# [PROBLEM STATEMENT]
Your task is to restate exactly the lines from the one holding "using H_set_psi_eq_0[OF H]" to the end of the entries below, inclusive.
RECORDS FOR THIS TASK section start
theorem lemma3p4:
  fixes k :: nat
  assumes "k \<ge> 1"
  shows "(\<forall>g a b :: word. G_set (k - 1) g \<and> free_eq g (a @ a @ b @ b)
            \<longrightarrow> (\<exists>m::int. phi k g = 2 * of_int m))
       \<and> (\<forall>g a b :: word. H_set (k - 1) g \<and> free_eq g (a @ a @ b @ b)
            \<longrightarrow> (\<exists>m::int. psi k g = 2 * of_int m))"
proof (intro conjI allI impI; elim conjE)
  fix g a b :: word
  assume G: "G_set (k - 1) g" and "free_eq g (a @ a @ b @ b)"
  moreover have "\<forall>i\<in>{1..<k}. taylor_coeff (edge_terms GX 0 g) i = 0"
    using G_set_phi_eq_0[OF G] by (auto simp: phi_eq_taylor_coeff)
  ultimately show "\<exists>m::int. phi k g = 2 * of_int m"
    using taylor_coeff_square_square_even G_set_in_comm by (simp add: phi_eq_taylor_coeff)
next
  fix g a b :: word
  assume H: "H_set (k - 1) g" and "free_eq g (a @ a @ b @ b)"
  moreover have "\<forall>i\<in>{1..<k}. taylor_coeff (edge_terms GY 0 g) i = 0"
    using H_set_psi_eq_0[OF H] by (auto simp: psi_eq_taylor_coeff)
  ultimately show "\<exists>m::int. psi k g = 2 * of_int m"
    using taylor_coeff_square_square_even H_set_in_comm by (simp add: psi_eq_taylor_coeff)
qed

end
RECORDS FOR THIS TASK section end
# [ANSWER TO THIS EXERCISE]
    using H_set_psi_eq_0[OF H] by (auto simp: psi_eq_taylor_coeff)
  ultimately show "\<exists>m::int. psi k g = 2 * of_int m"
    using taylor_coeff_square_square_even H_set_in_comm by (simp add: psi_eq_taylor_coeff)
qed

end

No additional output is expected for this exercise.